[Supplied material — start]

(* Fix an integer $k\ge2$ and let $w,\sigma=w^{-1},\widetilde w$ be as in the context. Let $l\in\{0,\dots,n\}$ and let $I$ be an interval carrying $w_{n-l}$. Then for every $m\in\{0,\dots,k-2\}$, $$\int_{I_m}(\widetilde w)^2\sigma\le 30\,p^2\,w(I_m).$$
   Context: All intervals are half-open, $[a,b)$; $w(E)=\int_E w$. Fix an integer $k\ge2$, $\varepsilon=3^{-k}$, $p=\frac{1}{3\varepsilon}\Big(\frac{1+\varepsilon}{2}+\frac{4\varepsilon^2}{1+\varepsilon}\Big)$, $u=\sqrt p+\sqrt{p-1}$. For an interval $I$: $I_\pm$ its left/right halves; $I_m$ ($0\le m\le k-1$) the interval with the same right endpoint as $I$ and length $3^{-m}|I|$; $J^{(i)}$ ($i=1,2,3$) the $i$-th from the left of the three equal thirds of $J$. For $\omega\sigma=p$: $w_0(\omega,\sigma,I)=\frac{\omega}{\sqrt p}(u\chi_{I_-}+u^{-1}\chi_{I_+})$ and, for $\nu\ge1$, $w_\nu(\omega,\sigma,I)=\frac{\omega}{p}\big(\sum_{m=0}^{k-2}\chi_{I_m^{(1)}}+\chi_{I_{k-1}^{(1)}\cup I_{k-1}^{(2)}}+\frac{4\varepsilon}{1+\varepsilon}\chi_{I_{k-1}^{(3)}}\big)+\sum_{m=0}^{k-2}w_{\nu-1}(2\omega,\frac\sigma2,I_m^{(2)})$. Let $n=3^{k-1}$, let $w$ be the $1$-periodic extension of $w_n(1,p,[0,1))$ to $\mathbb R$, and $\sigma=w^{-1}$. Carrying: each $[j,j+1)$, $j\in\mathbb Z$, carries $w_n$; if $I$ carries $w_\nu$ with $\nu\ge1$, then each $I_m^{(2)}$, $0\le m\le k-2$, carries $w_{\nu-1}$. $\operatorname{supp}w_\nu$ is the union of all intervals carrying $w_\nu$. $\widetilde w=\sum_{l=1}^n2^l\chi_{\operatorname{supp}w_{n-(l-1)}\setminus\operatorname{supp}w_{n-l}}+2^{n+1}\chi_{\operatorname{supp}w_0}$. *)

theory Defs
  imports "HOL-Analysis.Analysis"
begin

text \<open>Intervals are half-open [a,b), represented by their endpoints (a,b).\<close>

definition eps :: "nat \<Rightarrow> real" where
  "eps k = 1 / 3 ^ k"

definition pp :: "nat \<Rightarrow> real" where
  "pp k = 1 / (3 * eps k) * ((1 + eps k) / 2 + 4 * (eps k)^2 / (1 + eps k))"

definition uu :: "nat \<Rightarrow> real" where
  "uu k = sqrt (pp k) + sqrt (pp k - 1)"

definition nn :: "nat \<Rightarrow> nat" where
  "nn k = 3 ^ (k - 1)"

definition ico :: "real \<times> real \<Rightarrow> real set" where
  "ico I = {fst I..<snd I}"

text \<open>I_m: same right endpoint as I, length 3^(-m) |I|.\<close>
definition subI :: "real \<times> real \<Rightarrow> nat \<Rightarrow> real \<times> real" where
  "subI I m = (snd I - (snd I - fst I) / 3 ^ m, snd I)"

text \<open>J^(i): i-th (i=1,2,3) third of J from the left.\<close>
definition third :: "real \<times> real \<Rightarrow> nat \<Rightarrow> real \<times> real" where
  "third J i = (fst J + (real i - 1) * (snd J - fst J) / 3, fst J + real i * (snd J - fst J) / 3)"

[Supplied material — finish]

Instructions for the task:
When the string "real" appears in a line of the records above, that line is to be copied.

Task solution:
definition eps :: "nat \<Rightarrow> real" where
definition pp :: "nat \<Rightarrow> real" where
definition uu :: "nat \<Rightarrow> real" where
definition ico :: "real \<times> real \<Rightarrow> real set" where
definition subI :: "real \<times> real \<Rightarrow> nat \<Rightarrow> real \<times> real" where
definition third :: "real \<times> real \<Rightarrow> nat \<Rightarrow> real \<times> real" where
  "third J i = (fst J + (real i - 1) * (snd J - fst J) / 3, fst J + real i * (snd J - fst J) / 3)"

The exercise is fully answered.